BEGIN RAW DATA
(* Assume $\sigma_1(x)=\tfrac12\sigma_1''(0)(x-a_1)(x-b_1)$ and $\sigma_2(x)=\tfrac12\sigma_2''(0)(x-a_2)(x-b_2)$ with $\sigma_1''(0)\ne0$, $\sigma_2''(0)\ne0$ and real zeros satisfying $0<a_1<a_2<b_1<b_2$, and assume $0<q^2\Lambda_q<1$, where $\Lambda_q=q^{-2}\Big[1+\frac{(1-q^{-1})\tau'(0)}{\frac12\sigma_1''(0)}\Big]$. Put $a=a_2$, $b=q^{-1}b_1$, and suppose $q^{-N-1}a=b$ for some $N\in\mathbb{N}_0$. Let $$\rho(x)=|x|^{\iota}\frac{(qa/x,\,x/b;q)_\infty}{(a_1/x,\,x/b_2;q)_\infty},\qquad q^{\iota}=\frac{q^{-3}\sigma_2''(0)b_2}{\sigma_1''(0)b}.$$ Then there exist polynomials $P_0,\dots,P_N$, with $P_n$ of degree $n$ a solution of the q-EHT with $\lambda=\lambda_n$, and nonzero constants $d_n^2$, such that for $m,n\in\{0,\dots,N\}$ $$\int_a^{b}P_n(x)P_m(x)\rho(x)\,d_{q^{-1}}x=d_n^2\delta_{mn},$$ i.e. orthogonality with respect to $\rho$ supported on $\{q^{-k}a\}_{k=0}^N$.
   Context: Throughout $0<q<1$. For a function $y$ and $\zeta\in\{q,q^{-1}\}$, $D_\zeta y(x)=\frac{y(x)-y(\zeta x)}{(1-\zeta)x}$ for $x\ne0$ and $D_\zeta y(0)=y'(0)$; $[n]_q=\frac{1-q^n}{1-q}$. Let $\sigma_1$ be a real polynomial of degree at most two, $\tau(x)=\tau'(0)x+\tau(0)$ a real polynomial with $\tau'(0)\ne0$, and $\sigma_2(x):=q[\sigma_1(x)+(1-q^{-1})x\tau(x)]$. The q-EHT with parameter $n$ is $\sigma_1(x)D_{q^{-1}}D_qy(x)+\tau(x)D_qy(x)+\lambda_ny(x)=0$, $\lambda_n=-[n]_q\big(\tau'(0)+\tfrac12[n-1]_{q^{-1}}\sigma_1''(0)\big)$. $(\alpha;q)_\infty=\prod_{k\ge0}(1-\alpha q^k)$, $(\alpha_1,\dots,\alpha_r;q)_\infty=\prod_i(\alpha_i;q)_\infty$. For $q^{\iota}=c$ ($c\ne0$), $\iota$ is any complex number with $e^{\iota\ln q}=c$ and $|x|^{\iota}:=e^{\iota\ln|x|}$. For $a>0$ and $b=q^{-N-1}a$, $\int_a^{b}f(x)\,d_{q^{-1}}x=(q^{-1}-1)a\sum_{k=0}^{N}q^{-k}f(q^{-k}a)$. *)

theory Defs
  imports "HOL-Analysis.Analysis" "HOL-Computational_Algebra.Polynomial"
begin
theorem theorem3p6:
  fixes T S A :: "('a::chilbert_space \<times> 'a) set"
  assumes "closed_subspace2 T" "closed_subspace2 S" "closed_subspace2 A"
    and "hermitian T" "hermitian S" "hermitian A"
    and "rel_dom T = rel_dom S" "rel_dom S \<subseteq> rel_dom A"
    and "T = rel_sum S A"
    and "resolvent_set T \<inter> resolvent_set S \<noteq> {}"
  shows "(finite_rank_operator (rel_restrict (op_part A) (rel_dom T))
            \<longrightarrow> finite_rank_perturbation T S)
       \<and> (finite_rank_perturbation T S
            \<and> reduces (orth_compl1 (rel_app T 0)) S
            \<and> reduces (orth_compl1 (rel_app T 0)) A
            \<longrightarrow> finite_rank_operator (rel_restrict (op_part A) (rel_dom T)))"
proof -
  obtain l where "l \<in> resolvent_set S"
    using assms(10) by blast
  moreover have "is_subspace2 A"
    using assms(3) unfolding closed_subspace2_def by blast
  ultimately show ?thesis
    using finite_rank_perturbation_if_finite_rank_op_part[OF assms(1-3,5,6,8,9)]
      finite_rank_op_part_if_finite_rank_perturbation[OF assms(1,2) _ assms(4,9)]
    by blast
qed

end
text \<open>Here |x v0| = 1 and the other coordinates have mean \<mu> = - x v0 / (n - 1). A neighbour u of
  v0 satisfies |x u - \<mu>| \<ge> n / (n - 1) - gamma_x V E x \<ge> 1/2, which adds 1/4 to the bound
  n / (n - 1) on the sum of squares.\<close>
lemma feasible_sum_sq_gap:
  assumes feasible: "x \<in> feasible V" and small: "gamma_x V E x \<le> 1/2 + 1 / (real (card V) - 1)"
  shows "real (card V) / (real (card V) - 1) + 1/4 \<le> (\<Sum>v\<in>V. (x v)\<^sup>2)"
proof -
  define n where "n = real (card V)"
  have "2 \<le> n"
    using two_le_card by (simp add: n_def)
  have "Max ((\<lambda>v. \<bar>x v\<bar>) ` V) \<in> (\<lambda>v. \<bar>x v\<bar>) ` V"
    using finite_vertices vertices_nonempty by (intro Max_in) auto
  then obtain v0 where v0: "v0 \<in> V" "\<bar>x v0\<bar> = 1"
    using feasible by (auto simp: feasible_def)
  obtain u where "E v0 u"
    using exists_neighbour[OF v0(1)] by blast
  define W where "W = V - {v0}"
  define a where "a = x v0"
  define \<mu> where "\<mu> = - a / (n - 1)"
  have "u \<in> W"
    using \<open>E v0 u\<close> edge_vertices edge_irrefl by (auto simp: W_def)
  have "a\<^sup>2 = 1"
    using v0(2) by (metis a_def power2_abs power_one)
  have "finite W" "real (card W) = n - 1"
    using finite_vertices v0(1) two_le_card by (simp_all add: W_def n_def of_nat_diff)
  have "(\<Sum>v\<in>W. x v) = - a"
    using feasible sum.remove[OF finite_vertices v0(1), of x] by (simp add: W_def a_def feasible_def)
  then have "(\<Sum>v\<in>W. (x v)\<^sup>2) = 1 / (n - 1) + (\<Sum>v\<in>W. (x v - \<mu>)\<^sup>2)"
    using sum_power2_eq_mean_deviation[of x W] \<open>real (card W) = n - 1\<close> \<open>a\<^sup>2 = 1\<close> by (simp add: \<mu>_def)
  moreover have "(\<Sum>v\<in>V. (x v)\<^sup>2) = 1 + (\<Sum>v\<in>W. (x v)\<^sup>2)"
    using sum.remove[OF finite_vertices v0(1), of "\<lambda>v. (x v)\<^sup>2"] \<open>a\<^sup>2 = 1\<close> by (simp add: W_def a_def)
  ultimately have sum_sq: "(\<Sum>v\<in>V. (x v)\<^sup>2) = 1 + 1 / (n - 1) + (\<Sum>v\<in>W. (x v - \<mu>)\<^sup>2)"
    by simp
  have "\<bar>a - \<mu>\<bar> = n / (n - 1)"
    using \<open>2 \<le> n\<close> v0(2) by (simp add: \<mu>_def a_def field_simps abs_mult)
  moreover have "\<bar>a - x u\<bar> \<le> 1/2 + 1 / (n - 1)"
    using gamma_x_ge_edge[OF \<open>E v0 u\<close>, of x] small by (simp add: a_def n_def)
  moreover have "n / (n - 1) = 1 + 1 / (n - 1)"
    using \<open>2 \<le> n\<close> by (simp add: field_simps)
  moreover have "\<bar>a - \<mu>\<bar> \<le> \<bar>a - x u\<bar> + \<bar>x u - \<mu>\<bar>"
    using abs_triangle_ineq[of "a - x u" "x u - \<mu>"] by simp
  ultimately have "1/2 \<le> \<bar>x u - \<mu>\<bar>"
    by linarith
  then have "(1/2)\<^sup>2 \<le> \<bar>x u - \<mu>\<bar>\<^sup>2"
    by (intro power_mono) auto
  then have "1/4 \<le> (x u - \<mu>)\<^sup>2"
    by (simp add: power2_abs power_divide)
  also have "\<dots> \<le> (\<Sum>v\<in>W. (x v - \<mu>)\<^sup>2)"
    using \<open>finite W\<close> \<open>u \<in> W\<close> by (intro member_le_sum) auto
  finally show ?thesis
    using sum_sq \<open>n / (n - 1) = 1 + 1 / (n - 1)\<close> by (simp add: n_def)
qed

lemma feasible_small_gamma_x_bound:
  assumes feasible: "x \<in> feasible V" and small: "gamma_x V E x \<le> 1/2 + 1 / (real (card V) - 1)"
  shows "(cheeger V E)\<^sup>2 * (1 + (real (card V) - 1) / (4 * real (card V)))
    \<le> (real (card V) - 1) * (gamma_x V E x)\<^sup>2"
proof -
  define n where "n = real (card V)"
  have "2 \<le> n"
    using two_le_card by (simp add: n_def)
  have "(cheeger V E)\<^sup>2 * (n / (n - 1) + 1/4) \<le> (cheeger V E)\<^sup>2 * (\<Sum>v\<in>V. (x v)\<^sup>2)"
    using feasible_sum_sq_gap[OF assms] by (intro mult_left_mono) (simp_all add: n_def)
  also have "\<dots> \<le> n * (gamma_x V E x)\<^sup>2"
    using feasible unfolding n_def feasible_def
    by (intro cheeger_sq_sum_sq_le gamma_x_ge_edge) blast+
  finally have "(n - 1) / n * ((cheeger V E)\<^sup>2 * (n / (n - 1) + 1/4)) \<le> (n - 1) / n * (n * (gamma_x V E x)\<^sup>2)"
    using \<open>2 \<le> n\<close> by (intro mult_left_mono) auto
  moreover have "(n - 1) / n * ((cheeger V E)\<^sup>2 * (n / (n - 1) + 1/4)) = (cheeger V E)\<^sup>2 * (1 + (n - 1) / (4 * n))"
    using \<open>2 \<le> n\<close> by (simp add: field_simps)
  ultimately show ?thesis
    using \<open>2 \<le> n\<close> by (simp add: n_def)
qed
(* Let $\alpha\in\mathbb{R}$ and $0<\beta\le\frac14$. Then $\Theta_\alpha$ maps $\mathfrak{T}_1(F_1(\alpha,2\beta))$ bijectively onto $\mathfrak{T}_2(F_2(\alpha,2\beta))$; $\Theta_\alpha(\mathfrak{S}_1(F_1(\alpha,\beta)))=\mathfrak{S}_2(F_2(\alpha,\beta))$; and $\Theta_\alpha(|p|^2)=|\Theta_\alpha(p)|^2$ for every $p\in\mathfrak{T}_1(F_1(\alpha,\beta))$.
   Context: $\mathbb{T}=\mathbb{R}/\mathbb{Z}$, $e_j(x)=e^{2\pi i jx}$, $e_{(j,k)}(x,y)=e_j(x)e_k(y)$. $\mathfrak{T}_d$ is the algebra of trigonometric polynomials on $\mathbb{T}^d$ (finite frequency set); for $F\subseteq\mathbb{Z}^d$, $\mathfrak{T}_d(F)=\{t\in\mathfrak{T}_d:\mathrm{freq}(t)\subseteq F\}$ and $\mathfrak{S}_d(F)=\{|p|^2:p\in\mathfrak{T}_d(F)\}$. For $\alpha\in\mathbb{R}$, $\theta_\alpha(j)$ is the smallest integer minimizing $|\theta_\alpha(j)-j\alpha|$, and $\Theta_\alpha:\mathfrak{T}_1\to\mathfrak{T}_2$ is $\Theta_\alpha(t)(x,y)=\sum_{j}\widehat t(j)e_j(x)e_{\theta_\alpha(j)}(y)$. For $\beta>0$: $F_1(\alpha,\beta)=\{j\in\mathbb{Z}:|\theta_\alpha(j)-j\alpha|<\beta\}$ and $F_2(\alpha,\beta)=\{(j,k)\in\mathbb{Z}^2:|k-j\alpha|<\beta\}$. *)

theory Defs
  imports "HOL-Analysis.Analysis"
begin

text \<open>Characters on the torus; functions on T^d are represented as 1-periodic
functions on R^d (here real and real * real).\<close>

definition ech :: "int \<Rightarrow> real \<Rightarrow> complex" where
  "ech j x = exp (2 * of_real pi * \<i> * of_int j * of_real x)"

definition ech2 :: "int \<times> int \<Rightarrow> real \<times> real \<Rightarrow> complex" where
  "ech2 jk xy = ech (fst jk) (fst xy) * ech (snd jk) (snd xy)"

definition trig1 :: "(real \<Rightarrow> complex) set" where
  "trig1 = {t. \<exists>S c. finite S \<and> t = (\<lambda>x. \<Sum>j\<in>S. c j * ech j x)}"

definition trig2 :: "(real \<times> real \<Rightarrow> complex) set" where
  "trig2 = {t. \<exists>S c. finite S \<and> t = (\<lambda>xy. \<Sum>jk\<in>S. c jk * ech2 jk xy)}"
lemma ipm_distr_le_mult:
  assumes l: "l \<in> M \<rightarrow>\<^sub>M N" and F: "F \<subseteq> borel_measurable N"
    and sets: "sets \<mu> = sets M" "sets \<nu> = sets M"
    and contraction: "contraction G F l \<le> c" "c < \<infinity>"
    and ipm: "ipm G \<mu> \<nu> \<le> b" "ipm G \<mu> \<nu> < \<infinity>"
  shows "ipm F (distr \<mu> N l) (distr \<nu> N l) \<le> c * b"
  unfolding ipm_def
proof (rule SUP_least)
  fix f assume f: "f \<in> F"
  have "minkowski G (f \<circ> l) \<le> contraction G F l"
    unfolding contraction_def using f by (rule SUP_upper)
  with contraction(1) have minkowski_le: "minkowski G (f \<circ> l) \<le> c" by (rule order_trans[rotated])
  from this contraction(2) have minkowski_finite: "minkowski G (f \<circ> l) < \<infinity>"
    by (rule order.strict_trans1)
  then have "G \<noteq> {}" by (auto simp: minkowski_empty)
  have f_meas: "f \<in> borel_measurable N" using F f by blast
  have "l \<in> \<mu> \<rightarrow>\<^sub>M N" "l \<in> \<nu> \<rightarrow>\<^sub>M N"
    using l by (simp_all only: measurable_cong_sets[OF sets(1) refl]
        measurable_cong_sets[OF sets(2) refl])
  note integral_distr[OF this(1) f_meas] integral_distr[OF this(2) f_meas]
  then have "ereal \<bar>(\<integral>x. f x \<partial>distr \<mu> N l) - (\<integral>x. f x \<partial>distr \<nu> N l)\<bar>
      \<le> minkowski G (f \<circ> l) * ipm G \<mu> \<nu>"
    using abs_integral_diff_le_minkowski_mult_ipm[OF minkowski_finite ipm(2)] by (simp add: comp_def)
  also have "\<dots> \<le> c * b"
    by (rule ereal_mult_mono'[OF minkowski_nonneg ipm_nonneg[OF \<open>G \<noteq> {}\<close>] minkowski_le ipm(1)])
  finally show "ereal \<bar>(\<integral>x. f x \<partial>distr \<mu> N l) - (\<integral>x. f x \<partial>distr \<nu> N l)\<bar> \<le> c * b" .
qed

lemma prob_kernel_apply:
  assumes "K \<in> M \<rightarrow>\<^sub>M prob_algebra N" "x \<in> space M"
  shows "sets (K x) = sets N" "prob_space (K x)"
  using measurable_space[OF assms] by (auto simp: space_prob_algebra)

lemma hatP_eq_distr:
  fixes \<phi> :: "'z \<times> 'y \<times> 'a \<Rightarrow> 'w::topological_space"
  assumes "(\<lambda>y. \<phi> (z, y, a)) \<in> Py (z, a) \<rightarrow>\<^sub>M borel"
  shows "hatP \<phi> Py z a = distr (Py (z, a)) borel (\<lambda>y. \<phi> (z, y, a))"
  unfolding hatP_def distr_def
proof (rule measure_of_eq)
  show "sets borel \<subseteq> Pow (space borel)" by (rule sets.space_closed)
  fix B :: "'w set" assume "B \<in> sigma_sets (space borel) (sets borel)"
  then have B: "B \<in> sets borel" using sets.sigma_sets_eq[of "borel :: 'w measure"] by simp
  have "(\<integral>\<^sup>+ y. indicator B (\<phi> (z, y, a)) \<partial>Py (z, a))
      = (\<integral>\<^sup>+ y. indicator ((\<lambda>y. \<phi> (z, y, a)) -` B \<inter> space (Py (z, a))) y \<partial>Py (z, a))"
    by (intro nn_integral_cong) (auto split: split_indicator)
  also have "\<dots> = emeasure (Py (z, a)) ((\<lambda>y. \<phi> (z, y, a)) -` B \<inter> space (Py (z, a)))"
    using measurable_sets[OF assms B] by simp
  finally show "(\<integral>\<^sup>+ y. indicator B (\<phi> (z, y, a)) \<partial>Py (z, a))
      = emeasure (Py (z, a)) ((\<lambda>y. \<phi> (z, y, a)) -` B \<inter> space (Py (z, a)))" .
qed
(* If $G$ is a subcubic graph of order $n\ge 1$, then $\gamma_{e,f}^*(G)\ge \frac16\left(\sqrt{2n+\frac{49}{36}}+\frac76\right)$.
   Context: All graphs are finite, simple and undirected; subcubic means maximum degree at most $3$. The fractional porous exponential domination number $\gamma_{e,f}^*(G)$ is the optimum value of the linear program: minimize $\sum_{u\in V(G)}x(u)$ subject to $\sum_{u\in V(G)}\left(\frac12\right)^{\mathrm{dist}_G(u,v)-1}x(u)\ge 1$ for every $v\in V(G)$ and $x\ge 0$, where $\mathrm{dist}_G$ is the usual graph distance ($\infty$ between different components) and $\left(\frac12\right)^\infty=0$. *)

theory Defs
  imports Complex_Main "HOL-Library.Extended_Nat"
begin

definition simple_graph :: "'a set \<Rightarrow> ('a \<Rightarrow> 'a \<Rightarrow> bool) \<Rightarrow> bool" where
  "simple_graph V E \<longleftrightarrow> finite V \<and> (\<forall>u v. E u v \<longrightarrow> u \<in> V \<and> v \<in> V)
     \<and> (\<forall>u v. E u v \<longrightarrow> E v u) \<and> (\<forall>u. \<not> E u u)"

definition degree :: "('a \<Rightarrow> 'a \<Rightarrow> bool) \<Rightarrow> 'a \<Rightarrow> nat" where
  "degree E u = card {v. E u v}"

definition subcubic :: "'a set \<Rightarrow> ('a \<Rightarrow> 'a \<Rightarrow> bool) \<Rightarrow> bool" where
  "subcubic V E \<longleftrightarrow> simple_graph V E \<and> (\<forall>u\<in>V. degree E u \<le> 3)"

inductive walk :: "'a set \<Rightarrow> ('a \<Rightarrow> 'a \<Rightarrow> bool) \<Rightarrow> 'a \<Rightarrow> 'a \<Rightarrow> nat \<Rightarrow> bool"
  for V E where
  walk_nil: "u \<in> V \<Longrightarrow> walk V E u u 0"
| walk_step: "E u w \<Longrightarrow> walk V E w v k \<Longrightarrow> walk V E u v (Suc k)"

text \<open>Graph distance; infinity (top of enat) between different components.\<close>
definition gdist :: "'a set \<Rightarrow> ('a \<Rightarrow> 'a \<Rightarrow> bool) \<Rightarrow> 'a \<Rightarrow> 'a \<Rightarrow> enat" where
  "gdist V E u v = (INF k \<in> {k. walk V E u v k}. enat k)"

definition exp_weight :: "enat \<Rightarrow> real" where
  "exp_weight d = (case d of enat k \<Rightarrow> (1/2) powi (int k - 1) | \<infinity> \<Rightarrow> 0)"

definition frac_porous_exp_dom :: "'a set \<Rightarrow> ('a \<Rightarrow> 'a \<Rightarrow> bool) \<Rightarrow> real" where
  "frac_porous_exp_dom V E = Inf {(\<Sum>u\<in>V. x u) | x :: 'a \<Rightarrow> real.
      (\<forall>u\<in>V. 0 \<le> x u) \<and>
      (\<forall>v\<in>V. (\<Sum>u\<in>V. exp_weight (gdist V E u v) * x u) \<ge> 1)}"

end

theory Submission imports Defs "HOL-Analysis.Convex" begin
END RAW DATA
Scan the records for the string "fixes". Copy each line in which it appears.

### ANSWER SPACE
  fixes T S A :: "('a::chilbert_space \<times> 'a) set"
  fixes \<phi> :: "'z \<times> 'y \<times> 'a \<Rightarrow> 'w::topological_space"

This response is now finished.